This market refers to obfuscation schemes such as indistinguishability obfuscation, not normal program obfuscation which just makes it difficult to reverse engineer.

An example application of a scheme which works on complex programs would be: offer a prize for providing a proof of a mathematical theorem by publishing a program which outputs a cryptocurrency private key if given a correct formal proof. The obfuscation would make it impossible to extract the key from the program without having a correct proof.

It's fine if reverse engineering is not completely impossible as long as it can be made difficult enough to be impractical (same as brute forcing the private key for a public key is theoretically possible but impractical). However there should be consensus among cryptographers that it really is impractical to break the scheme.

It's not necessary to have a full formal proof of the reverse engineering difficulty, the same as many cryptography algorithms rely on hardness assumptions, and AES has no actual formal security proof, but is regardless justifiably considered secure. If a proof exists but requires some hardness assumption which cryptographers consider reasonable, that's also fine.

I don't require specifically an iO construct to resolve YES, weaker schemes exist which would be enough for "output a secret if input matches function f", but none of the existing general enough constructs are efficient enough to be usable with existing hardware.

Note that schemes for zero knowledge proofs (verifiably proving a theorem without revealing the details of the proof) do not suffice because you'd still need a trusted party to hold the secret cryptocurrency key and release it to someone if they provide a valid ZK proof. Additional obfuscation constructs would be needed to be able to just publish a program that does this and cannot be reverse engineered (the release mechanism).
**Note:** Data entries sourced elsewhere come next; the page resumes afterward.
definition weighted_graph :: "('a::countable \<Rightarrow> 'a \<Rightarrow> real) \<Rightarrow> ('a \<Rightarrow> real) \<Rightarrow> bool" where
  "weighted_graph b m \<longleftrightarrow>
     (\<forall>x. m x > 0) \<and> (\<forall>x y. b x y \<ge> 0) \<and> (\<forall>x y. b x y = b y x) \<and>
     (\<forall>x. b x x = 0) \<and> (\<forall>x. (\<lambda>y. b x y) summable_on UNIV)"

definition graph_path :: "('a \<Rightarrow> 'a \<Rightarrow> real) \<Rightarrow> 'a \<Rightarrow> 'a \<Rightarrow> nat \<Rightarrow> bool" where
  "graph_path b x y n \<longleftrightarrow>
     (\<exists>p::nat \<Rightarrow> 'a. p 0 = x \<and> p n = y \<and> (\<forall>i<n. b (p i) (p (Suc i)) > 0))"

definition graph_connected :: "('a \<Rightarrow> 'a \<Rightarrow> real) \<Rightarrow> bool" where
  "graph_connected b \<longleftrightarrow> (\<forall>x y. \<exists>n. graph_path b x y n)"

definition Deg :: "('a \<Rightarrow> 'a \<Rightarrow> real) \<Rightarrow> ('a \<Rightarrow> real) \<Rightarrow> 'a \<Rightarrow> real" where
  "Deg b m x = infsum (\<lambda>y. b x y) UNIV / m x"

definition D_max :: "('a \<Rightarrow> 'a \<Rightarrow> real) \<Rightarrow> ('a \<Rightarrow> real) \<Rightarrow> real" where
  "D_max b m = (SUP x. Deg b m x)"

definition bounded_degree :: "('a \<Rightarrow> 'a \<Rightarrow> real) \<Rightarrow> ('a \<Rightarrow> real) \<Rightarrow> bool" where
  "bounded_degree b m \<longleftrightarrow> bdd_above (range (Deg b m))"

definition bounded_measure :: "('a \<Rightarrow> real) \<Rightarrow> bool" where
  "bounded_measure m \<longleftrightarrow> bdd_above (range m)"

definition d_comb :: "('a \<Rightarrow> 'a \<Rightarrow> real) \<Rightarrow> 'a \<Rightarrow> 'a \<Rightarrow> nat" where
  "d_comb b x y = (LEAST n. graph_path b x y n)"

definition comb_rel_dense :: "('a \<Rightarrow> 'a \<Rightarrow> real) \<Rightarrow> 'a set \<Rightarrow> bool" where
  "comb_rel_dense b D \<longleftrightarrow>
     (\<exists>R::real. R > 0 \<and> (\<Union>x\<in>D. {y. real (d_comb b x y) \<le> R}) = UNIV)"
This market isn't specifically about a scheme that's efficient enough for proof checking, but it must enable some interesting practical use cases not possible today. I'll draw the line at a program outputting a secret string given the correct password. That's not enough for YES, it should be able to do something more complex than that, such as custom logic to check if the input is a message signed by a public key, without revealing said key. "Custom logic" is important, if it can do this for only one specific public key signature system that's not enough. Some degree of flexibility, such as arbitrary circuits of some reasonable size, is needed.
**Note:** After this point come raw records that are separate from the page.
lemma convex_Lp_powr_measure_ball_le:
  fixes f :: "'a::euclidean_space \<Rightarrow> real"
  assumes ball: "ball x \<delta> \<subseteq> \<Omega>" and cvx: "convex_on \<Omega> f" and \<rho>: "0 \<le> \<rho>"
    and int: "set_nn_integral lebesgue \<Omega> (\<lambda>x. ennreal (\<bar>f x\<bar> powr \<rho>)) \<le> 1" and fx: "0 \<le> f x"
  shows "f x powr \<rho> * measure lebesgue (ball x \<delta>) \<le> 2"
proof -
  define S where "S = {y\<in>ball x \<delta>. f x \<le> f y}"
  have cvx_ball: "convex_on (ball x \<delta>) f" using convex_on_subset[OF cvx ball convex_ball] .
  have "S \<in> lmeasurable"
    unfolding S_def using convex_on_continuous[OF open_ball cvx_ball]
    by (intro lmeasurable_superlevel_set) auto
  then have "ennreal (f x powr \<rho> * measure lebesgue S) \<le> 1"
    using ball fx \<rho> by (intro order_trans[OF Markov_set_nn_integral_powr int]) (auto simp: S_def)
  then have "f x powr \<rho> * (2 * measure lebesgue S) \<le> 2" by simp
  moreover have "f x powr \<rho> * measure lebesgue (ball x \<delta>) \<le> f x powr \<rho> * (2 * measure lebesgue S)"
    unfolding S_def using convex_on_ball_measure_le_superlevel[OF cvx_ball] by (simp add: mult_left_mono)
  ultimately show ?thesis by linarith
qed

lemma convex_Lp_neg_powr_measure_interior_le:
  fixes f :: "'a::euclidean_space \<Rightarrow> real"
  assumes \<Omega>: "convex \<Omega>" "bounded \<Omega>" and cvx: "convex_on \<Omega> f" and \<rho>: "0 \<le> \<rho>"
    and int: "set_nn_integral lebesgue \<Omega> (\<lambda>x. ennreal (\<bar>f x\<bar> powr \<rho>)) \<le> 1"
    and x: "x \<in> interior \<Omega>" "f x < 0"
  shows "(- f x / 4) powr \<rho> * measure lebesgue (interior \<Omega>) \<le> 2 ^ DIM('a)"
proof -
  define E where "E = {y\<in>interior \<Omega>. - f x / 4 \<le> \<bar>f y\<bar>}"
  have cvx_int: "convex_on (interior \<Omega>) f" using convex_on_subset[OF cvx interior_subset convex_interior[OF \<Omega>(1)]] .
  have "E \<in> lmeasurable"
    unfolding E_def using convex_on_continuous[OF open_interior cvx_int] \<Omega>
    by (intro lmeasurable_superlevel_set continuous_on_rabs) (auto intro: lmeasurable_interior)
  then have "ennreal ((- f x / 4) powr \<rho> * measure lebesgue E) \<le> 1"
    using x \<rho> interior_subset
    by (intro order_trans[OF Markov_set_nn_integral_powr int]) (auto simp: E_def)
  then have "(- f x / 4) powr \<rho> * (2 ^ DIM('a) * measure lebesgue E) \<le> 2 ^ DIM('a)" by simp
  moreover have "(- f x / 4) powr \<rho> * measure lebesgue (interior \<Omega>)
      \<le> (- f x / 4) powr \<rho> * (2 ^ DIM('a) * measure lebesgue E)"
    unfolding E_def using x \<Omega>
    by (intro mult_left_mono convex_on_measure_le_abs_level cvx_int) (auto simp: convex_interior bounded_interior)
  ultimately show ?thesis by linarith
qed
Existing white-box cryptography such as that used in DRM does not count because it's not based on provably secure cryptography and is often broken.

If a scheme that seems to match these criteria is released, I'll wait for cryptographers to assess it before resolving YES. If it remains controversial for a long time, or just doesn't attract much academic interest for some reason, I may do my own research, but in that case I will ask for arguments in the comments, search for arguments from both sides, and wait a while, before resolving regardless of controversy. If cheap enough, I'll try testing it myself to see that it works.

There already exist schemes which theoretically can obfuscate arbitrary programs (iO obfuscation), but there would need to be orders of magnitude efficiency improvements before 2035 to resolve YES.

I don't strictly require that it can run on consumer hardware. If you need to rent cloud GPUs to verify your proof for around ~1000$ in 2035 cloud compute costs that's acceptable. Something around this level of efficiency would count. However if it does something less interesting than arbitrary theorem proof checking, it should be cheaper than the equivalent of 1000$ cloud compute per run. Also, if compute prices in 2035 are over 1000 times cheaper than now, I'm capping it at that.

If it requires specialized hardware you can't rent from a normal cloud provider, this is a downside, since you'd need to trust them (unless the scheme also efficiently supports some kind of homomorphic encryption which prevents the provider from seeing your input or the result). But it's not a deal breaker.

An issue with schemes like this is that they work on circuits, not Turing machines, so you need to account for worst case time and memory bounds, which is very inefficient. If a new scheme bypasses this entirely with something like a O(log n) penalty for time or memory usage (would leak some information, but that could be mitigated such as by rounding to only 100 MB increments or a billion cycles to hide precise control flow details), that would be a huge point in favor of YES, but not strictly necessary, and such an improvement may come later after a simpler circuit based scheme is found which might regardless be enough to resolve this market YES.

If you're wondering about some resolution edge case or you believe some criteria doesn't mean what I intend it to mean, please ask in the comments before betting, otherwise it's at your own risk, but I won't intentionally resolve this in some “exact words” way.